• _Exercise description_
Only the lines from the beginning of the data below through the line that contains "f) \<le> cmod" should be repeated, exactly as written.

[Stored data]
┌──

lemma positive_lim_op: "positive_op M lim_op"
proof (rule positive_opI[OF bounded_lim_op sym_lim_op nonneg_lim_op])
  fix N and f g :: "'a \<Rightarrow> complex^'r^'s" assume f: "f \<in> L2m M" and g: "g \<in> L2m M"
  show "sip M (sqrt_partial N f) g = sip M f (sqrt_partial N g)"
    using f g
    by (simp add: sqrt_partial_def sip_sum_left sip_sum_right sip_cscale_left sip_cscale_right
        L2m_cscale L2m_S_pow sym_S_pow)
  have "0 \<le> (\<Sum>n<N. sqrt_coeff n) * (l2norm M f)\<^sup>2"
    using sum_sqrt_coeff_nonneg[of N] by simp
  also have "\<dots> \<le> (\<Sum>n<N. sqrt_coeff n * Re (sip M ((S ^^ n) f) f))"
    unfolding sum_distrib_right
  proof (rule sum_mono)
    fix n
    have "Re (sip M ((S ^^ n) f) f) \<le> cmod (sip M ((S ^^ n) f) f)"
      by (rule complex_Re_le_cmod)
    also have "\<dots> \<le> l2norm M ((S ^^ n) f) * l2norm M f"
      by (rule sip_cauchy_schwarz[OF L2m_S_pow[OF f] f])
    also have "\<dots> \<le> (l2norm M f)\<^sup>2"
      using mult_right_mono[OF l2norm_S_pow_le[OF f] l2norm_nonneg[of M f]]
      by (simp add: power2_eq_square)
    finally show "sqrt_coeff n * (l2norm M f)\<^sup>2 \<le> sqrt_coeff n * Re (sip M ((S ^^ n) f) f)"
      using sqrt_coeff_nonpos[of n] Re_sip_self[OF f]
      by (cases "n = 0") (auto intro: mult_left_mono_neg)
  qed
  also have "\<dots> = Re (sip M (sqrt_partial N f) f)"
    using f by (simp add: sqrt_partial_def sip_sum_left sip_cscale_left L2m_cscale L2m_S_pow)
  finally show "0 \<le> Re (sip M (sqrt_partial N f) f)" .
qed

lemma ops_commute_lim_op_if_commute:
  assumes B: "bounded_linear_op M B" and "ops_commute M B S"
  shows "ops_commute M B lim_op"
proof (rule ops_commute_lim_op[OF B])
  show "ops_commute M B (sqrt_partial N)" for N
    unfolding sqrt_partial_def[abs_def]
    by (rule ops_commute_sum[OF B finite_lessThan bounded_linear_op_funpow[OF bounded_S]
          ops_commute_funpow[OF B bounded_S assms(2)]])
qed

end

section \<open>The positive square root of a positive operator\<close>

lemma l2norm_sub_scaled_positive_op_le:
  assumes T: "positive_op M T" and "C > 0"
    and C: "\<And>h. h \<in> L2m M \<Longrightarrow> l2norm M (T h) \<le> C * l2norm M h" and f: "f \<in> L2m M"
  shows "l2norm M (\<lambda>x. f x - cscale (of_real (1 / C)) (T f x)) \<le> l2norm M f"
proof -
  define d where "d = 1 / C"
  define p where "p = Re (sip M (T f) f)"
  have Tf: "T f \<in> L2m M" by (rule bounded_linear_op_L2m[OF positive_op_bounded[OF T] f])
  have dTf: "(\<lambda>x. cscale (of_real d) (T f x)) \<in> L2m M" using Tf by (rule L2m_cscale)
  have "p \<ge> 0" unfolding p_def by (rule positive_op_nonneg[OF T f])
  have "Re (sip M f (T f)) = p"
    unfolding p_def using sip_commute[OF Tf f] by simp
  have "(l2norm M (\<lambda>x. f x - cscale (of_real d) (T f x)))\<^sup>2
      = Re (sip M (\<lambda>x. f x - cscale (of_real d) (T f x)) (\<lambda>x. f x - cscale (of_real d) (T f x)))"
    by (rule Re_sip_self[symmetric, OF L2m_diff[OF f dTf]])
  also have "sip M (\<lambda>x. f x - cscale (of_real d) (T f x)) (\<lambda>x. f x - cscale (of_real d) (T f x))
      = sip M f f - of_real d * sip M f (T f) - of_real d * sip M (T f) f
        + of_real d * of_real d * sip M (T f) (T f)"
    using f Tf by (simp add: sip_diff_left sip_diff_right sip_cscale_left sip_cscale_right L2m_diff
        L2m_cscale algebra_simps)
  also have "Re \<dots> = Re (sip M f f) - d * Re (sip M f (T f)) - d * Re (sip M (T f) f)
      + d * d * Re (sip M (T f) (T f))"
    by simp
  also have "\<dots> = (l2norm M f)\<^sup>2 - 2 * d * p + d\<^sup>2 * (l2norm M (T f))\<^sup>2"
    using \<open>Re (sip M f (T f)) = p\<close> by (simp add: Re_sip_self f Tf p_def power2_eq_square)
  also have "\<dots> \<le> (l2norm M f)\<^sup>2 - 2 * d * p + d\<^sup>2 * (C * p)"
    using mult_left_mono[OF l2norm_positive_op_squared_le[OF T less_imp_le[OF \<open>C > 0\<close>] C f]
        zero_le_power2[of d]]
    by (simp add: p_def)
  also have "\<dots> \<le> (l2norm M f)\<^sup>2"
    using \<open>C > 0\<close> \<open>p \<ge> 0\<close> by (simp add: d_def power2_eq_square field_simps)
  finally show ?thesis
    unfolding d_def by (rule power2_le_imp_le[OF _ l2norm_nonneg])
qed

lemma self_adjoint_contraction_sub_scaled:
  fixes T :: "('a \<Rightarrow> complex^'r::finite^'s::finite) \<Rightarrow> ('a \<Rightarrow> complex^'r^'s)"
  assumes T: "positive_op M T" and "C > 0"
    and C: "\<And>h. h \<in> L2m M \<Longrightarrow> l2norm M (T h) \<le> C * l2norm M h"
  shows "self_adjoint_contraction M (\<lambda>f x. f x - cscale (of_real (1 / C)) (T f x))"
proof
  have bounded_T: "bounded_linear_op M T" using T by (rule positive_op_bounded)
  show "bounded_linear_op M (\<lambda>f x. f x - cscale (of_real (1 / C)) (T f x))"
    by (rule bounded_linear_op_diff_op[OF bounded_linear_op_id
          bounded_linear_op_cscale_op[OF bounded_T]])
  fix f g :: "'a \<Rightarrow> complex^'r^'s" assume f: "f \<in> L2m M" and g: "g \<in> L2m M"
  show "sip M (\<lambda>x. f x - cscale (of_real (1 / C)) (T f x)) g
      = sip M f (\<lambda>x. g x - cscale (of_real (1 / C)) (T g x))"
    using f g positive_op_sym[OF T f g] bounded_linear_op_L2m[OF bounded_T]
    by (simp add: sip_diff_left sip_diff_right sip_cscale_left sip_cscale_right L2m_cscale)
  show "l2norm M (\<lambda>x. f x - cscale (of_real (1 / C)) (T f x)) \<le> l2norm M f"
    by (rule l2norm_sub_scaled_positive_op_le[OF T \<open>C > 0\<close> C f])
qed

text \<open>With $C \ge \lVert T\rVert$, $S = I - T/C$ is a self-adjoint contraction and
  $\sqrt{C}\,\sqrt{I - S}$ is the square root of $T$.\<close>

lemma positive_sqrt_exists:
  fixes T :: "('a \<Rightarrow> complex^'r::finite^'s::finite) \<Rightarrow> ('a \<Rightarrow> complex^'r^'s)"
  assumes T: "positive_op M T"
  obtains W where "positive_op M W" "\<And>f. f \<in> L2m M \<Longrightarrow> aeq M (W (W f)) (T f)"
    "\<And>B. bounded_linear_op M B \<Longrightarrow> ops_commute M B T \<Longrightarrow> ops_commute M B W"
proof -
  have bounded_T: "bounded_linear_op M T" using T by (rule positive_op_bounded)
  obtain C where "C > 0" and C: "\<And>h. h \<in> L2m M \<Longrightarrow> l2norm M (T h) \<le> C * l2norm M h"
    using bounded_linear_op_bound[OF bounded_T] by blast
  define S where "S f = (\<lambda>x. f x - cscale (of_real (1 / C)) (T f x))" for f
  interpret self_adjoint_contraction M S
    unfolding S_def[abs_def] by (rule self_adjoint_contraction_sub_scaled[OF T \<open>C > 0\<close> C])
  define W where "W f = (\<lambda>x. cscale (of_real (sqrt C)) (lim_op f x))" for f
  show ?thesis
  proof (rule that)
    show "positive_op M W"
      unfolding W_def[abs_def] using \<open>C > 0\<close> by (intro positive_op_cscale_op positive_lim_op) simp
    fix f :: "'a \<Rightarrow> complex^'r^'s" assume f: "f \<in> L2m M"
    have "aeq M (W (W f))
        (\<lambda>x. cscale (of_real (sqrt C)) (cscale (of_real (sqrt C)) (lim_op (lim_op f) x)))"
      unfolding W_def
      by (rule aeq_cscale[OF bounded_linear_op_cscale[OF bounded_lim_op L2m_lim_op[OF f]]])
    also have "aeq M \<dots> (\<lambda>x. cscale (of_real (sqrt C)) (cscale (of_real (sqrt C)) (f x - S f x)))"
      by (rule aeq_cscale[OF aeq_cscale[OF lim_op_square[OF f]]])
    finally show "aeq M (W (W f)) (T f)"
      by (rule aeq_pointwise_trans)
        (use \<open>C > 0\<close> in \<open>simp add: S_def cscale_cscale flip: of_real_mult\<close>)
  next
    fix B assume B: "bounded_linear_op M B" and "ops_commute M B T"
    then have "ops_commute M B S"
      unfolding S_def[abs_def]
      by (intro ops_commute_diff_op bounded_linear_op_id bounded_linear_op_cscale_op bounded_T
          ops_commute_cscale_op) (simp_all add: ops_commute_def aeq_refl)
    then show "ops_commute M B W"
      unfolding W_def[abs_def]
      by (intro ops_commute_cscale_op[OF B bounded_lim_op] ops_commute_lim_op_if_commute[OF B])
  qed
qed

text \<open>For $h = W_1 f - W_2 f$ the forms $\langle W_i h, h\rangle$ add up to
  $\langle (W_1^2 - W_2^2) f, h\rangle = 0$, so both vanish; hence $W_1 h = W_2 h = 0$ and
  $\lVert h\rVert^2 = \langle f, (W_1 - W_2) h\rangle = 0$.\<close>

lemma positive_sqrt_unique:
  assumes W1: "positive_op M W1" and W2: "positive_op M W2"
    and sq1: "\<And>f. f \<in> L2m M \<Longrightarrow> aeq M (W1 (W1 f)) (T f)"
    and sq2: "\<And>f. f \<in> L2m M \<Longrightarrow> aeq M (W2 (W2 f)) (T f)"
    and comm: "ops_commute M W1 W2" and f: "f \<in> L2m M"
  shows "aeq M (W1 f) (W2 f)"
proof -
  have B1: "bounded_linear_op M W1" and B2: "bounded_linear_op M W2"
    using W1 W2 by (simp_all add: positive_op_bounded)
  have W1f: "W1 f \<in> L2m M" and W2f: "W2 f \<in> L2m M"
    using B1 B2 f by (simp_all add: bounded_linear_op_L2m)
  define h where "h = (\<lambda>x. W1 f x - W2 f x)"
  have h: "h \<in> L2m M" unfolding h_def using W1f W2f by (rule L2m_diff)
  have W1h: "W1 h \<in> L2m M" and W2h: "W2 h \<in> L2m M"
    using B1 B2 h by (simp_all add: bounded_linear_op_L2m)
  have "aeq M (\<lambda>x. W1 h x + W2 h x)
      (\<lambda>x. (W1 (W1 f) x - W1 (W2 f) x) + (W2 (W1 f) x - W2 (W2 f) x))"
    unfolding h_def
    by (rule aeq_add[OF bounded_linear_op_diff[OF B1 W1f W2f] bounded_linear_op_diff[OF B2 W1f W2f]])
  also have "aeq M \<dots> (\<lambda>x. (T f x - W2 (W1 f) x) + (W2 (W1 f) x - T f x))"
    by (rule aeq_add[OF aeq_diff[OF sq1[OF f] ops_commuteD[OF comm f]]
          aeq_diff[OF aeq_refl sq2[OF f]]])
  finally have "aeq M (\<lambda>x. W1 h x + W2 h x) (\<lambda>x. 0)"
    by (rule aeq_pointwise_trans) simp
  then have "sip M (W1 h) h + sip M (W2 h) h = 0"
    using sip_cong[OF L2m_add[OF W1h W2h] h L2m_zero h _ aeq_refl] sip_add_left[OF W1h W2h h]
      sip_zero_left[OF h] by simp
  then have "Re (sip M (W1 h) h) = 0" "Re (sip M (W2 h) h) = 0"
    using positive_op_nonneg[OF W1 h] positive_op_nonneg[OF W2 h] by (simp_all add: complex_eq_iff)
  then have "aeq M (W1 h) (\<lambda>x. 0)" "aeq M (W2 h) (\<lambda>x. 0)"
    by (simp_all add: positive_op_aeq_0_if_form_0[OF W1 h] positive_op_aeq_0_if_form_0[OF W2 h])
  then have "sip M f (W1 h) = 0" "sip M f (W2 h) = 0"
    using sip_cong[OF f W1h f L2m_zero aeq_refl] sip_cong[OF f W2h f L2m_zero aeq_refl]
      sip_commute[OF L2m_zero f] sip_zero_left[OF f] by simp_all
  then have "sip M h h = 0"
    unfolding h_def using sip_diff_left[OF W1f W2f h[unfolded h_def]]
      positive_op_sym[OF W1 f h] positive_op_sym[OF W2 f h] by (simp add: h_def)
  then show ?thesis
    using sip_self[OF h] aeq_iff_l2norm_diff[OF W1f W2f] by (simp add: h_def)
qed

lemma op_sqrt:
  assumes "positive_op M T"
  shows "positive_op M (op_sqrt M T) \<and> (\<forall>f\<in>L2m M. aeq M (op_sqrt M T (op_sqrt M T f)) (T f))"
proof -
  obtain W where "positive_op M W" "\<And>f. f \<in> L2m M \<Longrightarrow> aeq M (W (W f)) (T f)"
    "\<And>B. bounded_linear_op M B \<Longrightarrow> ops_commute M B T \<Longrightarrow> ops_commute M B W"
    by (rule positive_sqrt_exists[OF assms]) (rule that)
  then have "positive_op M W \<and> (\<forall>f\<in>L2m M. aeq M (W (W f)) (T f))"
    by blast
  then show ?thesis
    unfolding op_sqrt_def
    by (rule someI[where P="\<lambda>V. positive_op M V \<and> (\<forall>f\<in>L2m M. aeq M (V (V f)) (T f))"])
qed

lemma ops_commute_op_sqrt:
  fixes T B :: "('a \<Rightarrow> complex^'r::finite^'s::finite) \<Rightarrow> ('a \<Rightarrow> complex^'r^'s)"
  assumes T: "positive_op M T" and B: "bounded_linear_op M B" and BT: "ops_commute M B T"
  shows "ops_commute M B (op_sqrt M T)"
proof -
  let ?V = "op_sqrt M T"
  have V: "positive_op M ?V" and sq: "\<And>f. f \<in> L2m M \<Longrightarrow> aeq M (?V (?V f)) (T f)"
    using op_sqrt[OF T] by auto
  have BV: "bounded_linear_op M ?V" using V by (rule positive_op_bounded)
  obtain W where W: "positive_op M W" and sqW: "\<And>f. f \<in> L2m M \<Longrightarrow> aeq M (W (W f)) (T f)"
    and commW: "\<And>B. bounded_linear_op M B \<Longrightarrow> ops_commute M B T \<Longrightarrow> ops_commute M B W"
    by (rule positive_sqrt_exists[OF T]) (rule that)
  have "ops_commute M ?V T"
    unfolding ops_commute_def
  proof
    fix f :: "'a \<Rightarrow> complex^'r^'s" assume f: "f \<in> L2m M"
    have Vf: "?V f \<in> L2m M" using BV f by (rule bounded_linear_op_L2m)
    have "aeq M (?V (T f)) (?V (?V (?V f)))"
      by (rule bounded_linear_op_aeq[OF BV bounded_linear_op_L2m[OF positive_op_bounded[OF T] f]
            bounded_linear_op_L2m[OF BV Vf] aeq_sym[OF sq[OF f]]])
    also have "aeq M \<dots> (T (?V f))" by (rule sq[OF Vf])
    finally show "aeq M (?V (T f)) (T (?V f))" .
  qed
  then have VW: "aeq M (?V f) (W f)" if "f \<in> L2m M" for f
    using positive_sqrt_unique[OF V W sq sqW commW[OF BV] that] by blast
  show ?thesis
    unfolding ops_commute_def
  proof
    fix f :: "'a \<Rightarrow> complex^'r^'s" assume f: "f \<in> L2m M"
    have Bf: "B f \<in> L2m M" using B f by (rule bounded_linear_op_L2m)
    have "aeq M (B (?V f)) (B (W f))"
      by (rule bounded_linear_op_aeq[OF B bounded_linear_op_L2m[OF BV f]
            bounded_linear_op_L2m[OF positive_op_bounded[OF W] f] VW[OF f]])
    also have "aeq M \<dots> (W (B f))" by (rule ops_commuteD[OF commW[OF B BT] f])
    also have "aeq M \<dots> (?V (B f))" by (rule aeq_sym[OF VW[OF Bf]])
    finally show "aeq M (B (?V f)) (?V (B f))" .
  qed
qed

lemma adjointable_op_sqrt:
  assumes T: "positive_op M T" and "adjointable_op M T"
  shows "adjointable_op M (op_sqrt M T)"
proof (rule adjointable_op_if_commutes_lmult)
  have V: "positive_op M (op_sqrt M T)" using op_sqrt[OF T] by blast
  show "bounded_linear_op M (op_sqrt M T)" using V by (rule positive_op_bounded)
  show "sip M (op_sqrt M T f) g = sip M f (op_sqrt M T g)" if "f \<in> L2m M" "g \<in> L2m M" for f g
    using V that by (rule positive_op_sym)
  show "ops_commute M (op_sqrt M T) (\<lambda>f x. X ** f x)" for X
    by (rule ops_commute_sym[OF ops_commute_op_sqrt[OF T bounded_linear_op_lmult ops_commute_sym[OF
          ops_commute_lmult_if_adjointable[OF positive_op_bounded[OF T] \<open>adjointable_op M T\<close>]]]])
qed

└──

• _Answer area_
lemma positive_lim_op: "positive_op M lim_op"
proof (rule positive_opI[OF bounded_lim_op sym_lim_op nonneg_lim_op])
  fix N and f g :: "'a \<Rightarrow> complex^'r^'s" assume f: "f \<in> L2m M" and g: "g \<in> L2m M"
  show "sip M (sqrt_partial N f) g = sip M f (sqrt_partial N g)"
    using f g
    by (simp add: sqrt_partial_def sip_sum_left sip_sum_right sip_cscale_left sip_cscale_right
        L2m_cscale L2m_S_pow sym_S_pow)
  have "0 \<le> (\<Sum>n<N. sqrt_coeff n) * (l2norm M f)\<^sup>2"
    using sum_sqrt_coeff_nonneg[of N] by simp
  also have "\<dots> \<le> (\<Sum>n<N. sqrt_coeff n * Re (sip M ((S ^^ n) f) f))"
    unfolding sum_distrib_right
  proof (rule sum_mono)
    fix n
    have "Re (sip M ((S ^^ n) f) f) \<le> cmod (sip M ((S ^^ n) f) f)"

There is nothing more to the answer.